A limitation of pure variance-based dyssynchrony measures is that the result is similar regardless of the localization of segments with delayed motion. Having 8 segments with delayed contraction all clustered in 1 region yields the same variance as having them equally dispersed around the heart, yet the impact on global dyssynchrony and function would be very different. To correct for this, we developed a vector-sum index (RVVPS) that weighted strain values by the location of each segment. The resulting RVVPS plots (Figure 4C, 4D) had patterns similar to those of the strain variance plots but with less intrasubject variability. Corresponding 3D cine images for an example heart are provided (Data Supplement Movies I and II, available online), with the net vector for each short-axis slice displayed and color coded to show changes in its amplitude (dyssynchrony). As with the prior dyssynchrony measures, the evolution and resolution of RVVPS dyssynchrony based on cc improved with both pacing modes (P<0.001). However, this index revealed less improvement with LV versus BiV during systole and more notably in diastole (P<0.001 by ANCOVA for each phase). This disparity was not discerned by the variance method. RVVPS analysis based on ll showed little difference among LBBB, LV, or BiV pacing modes during systole (P>0.179) and only differences during diastole (P<0.003). As with the other indexes, peak RVVPS in late systole and early diastole declined with BiV (P=0.005) but not LV (P=0.3). Once again, paired comparisons during the cardiac cycle showed no differences.

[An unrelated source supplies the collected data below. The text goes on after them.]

lemma ginv_unique:
  assumes "gmult c d = (\<lambda>_. 0)"
  shows "d = ginv c"
proof -
  have "d = gmult (gmult (ginv c) c) d"
    by (simp add: ginv_gmult)
  also have "\<dots> = gmult (ginv c) (gmult c d)"
    by (rule gmult_assoc)
  also have "\<dots> = ginv c"
    by (simp add: assms)
  finally show ?thesis .
qed

lemma ginv_of_real:
  "ginv (\<lambda>p. of_real (c p)) = (\<lambda>p. of_real (ginv c p) :: 'k::{real_algebra_1, comm_ring_1})"
  by (rule ginv_unique[symmetric]) (simp add: gmult_of_real gmult_ginv)

lemma bastiani_real_analytic_on_UNIV:
  assumes "bastiani_holomorphic_on g UNIV" "\<And>x. g (complex_of_real \<circ> x) = complex_of_real \<circ> f x"
  shows "bastiani_real_analytic_on f UNIV"
  unfolding bastiani_real_analytic_on_def using assms by blast

theorem corollary5p2:
  shows "analytic_lie_group_C (gmult :: ('m::finite, complex) ser \<Rightarrow> _ \<Rightarrow> _) (\<lambda>_. 0)
       \<and> analytic_lie_group_R (gmult :: ('m::finite, real) ser \<Rightarrow> _ \<Rightarrow> _) (\<lambda>_. 0)"
proof
  have mult: "bastiani_holomorphic_on (\<lambda>z. gmult (z \<circ> Inl) (z \<circ> Inr) :: ('m, complex) ser) UNIV"
    by (intro bastiani_holomorphic_on_poly_fun poly_fun_gmult) (simp_all add: poly_fun_coord)
  have inv: "bastiani_holomorphic_on (ginv :: ('m, complex) ser \<Rightarrow> _) UNIV"
    by (intro bastiani_holomorphic_on_poly_fun poly_fun_ginv)
  show "analytic_lie_group_C (gmult :: ('m, complex) ser \<Rightarrow> _ \<Rightarrow> _) (\<lambda>_. 0)"
    unfolding analytic_lie_group_C_def using gmult_assoc gmult_ginv ginv_gmult inv mult by (auto intro!: exI[of _ ginv])
  have "bastiani_real_analytic_on (\<lambda>z. gmult (z \<circ> Inl) (z \<circ> Inr) :: ('m, real) ser) UNIV"
    by (rule bastiani_real_analytic_on_UNIV[OF mult]) (simp add: o_def gmult_of_real)
  moreover have "bastiani_real_analytic_on (ginv :: ('m, real) ser \<Rightarrow> _) UNIV"
    by (rule bastiani_real_analytic_on_UNIV[OF inv]) (simp add: o_def ginv_of_real)
  ultimately show "analytic_lie_group_R (gmult :: ('m, real) ser \<Rightarrow> _ \<Rightarrow> _) (\<lambda>_. 0)"
    unfolding analytic_lie_group_R_def using gmult_assoc gmult_ginv ginv_gmult by (auto intro!: exI[of _ ginv])
qed

end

These temporal analyses are the first to depict the development and resolution of chamber dyssynchrony throughout the cardiac cycle. All 3 dyssynchrony assessments based on longitudinal motion found little to no resynchronization with LV or BiV pacing until diastole and little effect of LV-only pacing regardless of the cycle period. In contrast, circumferential analysis yielded enhanced synchrony with either mode by late systole. Furthermore, temporal-based vector analysis revealed significant differences between LV and BiV pacing with respect to resynchronization effects in systole versus diastole.
Discussion
This study presents the first direct comparison of circumferential strain– and longitudinal strain–based dyssynchrony analysis in a failing heart, contrasting results obtained by 3 independent synchrony measures. There are several important findings. First, longitudinal dyssynchrony indexes have less than half the dynamic range and twice the intrasubject variance of parameters based on circumferential strains, making synchrony/dyssynchrony identification more difficult. Second, on the basis of longitudinal analysis, only BiV but not LV pacing appears to resynchronize the heart, and only in diastole, despite global function being improved similarly by both modes. In contrast, circumferential-based analysis indicates improved synchrony with either mode of CRT during both systole and diastole. Finally, not all dyssynchrony indexes provide identical information, with the vector-based strain variance being most sensitive to temporal differences in synchrony for LV and BiV pacing. These results are important given the growing interest in optimizing CRT utilization based on mechanical dyssynchrony measures and expanding the use of longitudinal-based measurements to this effort.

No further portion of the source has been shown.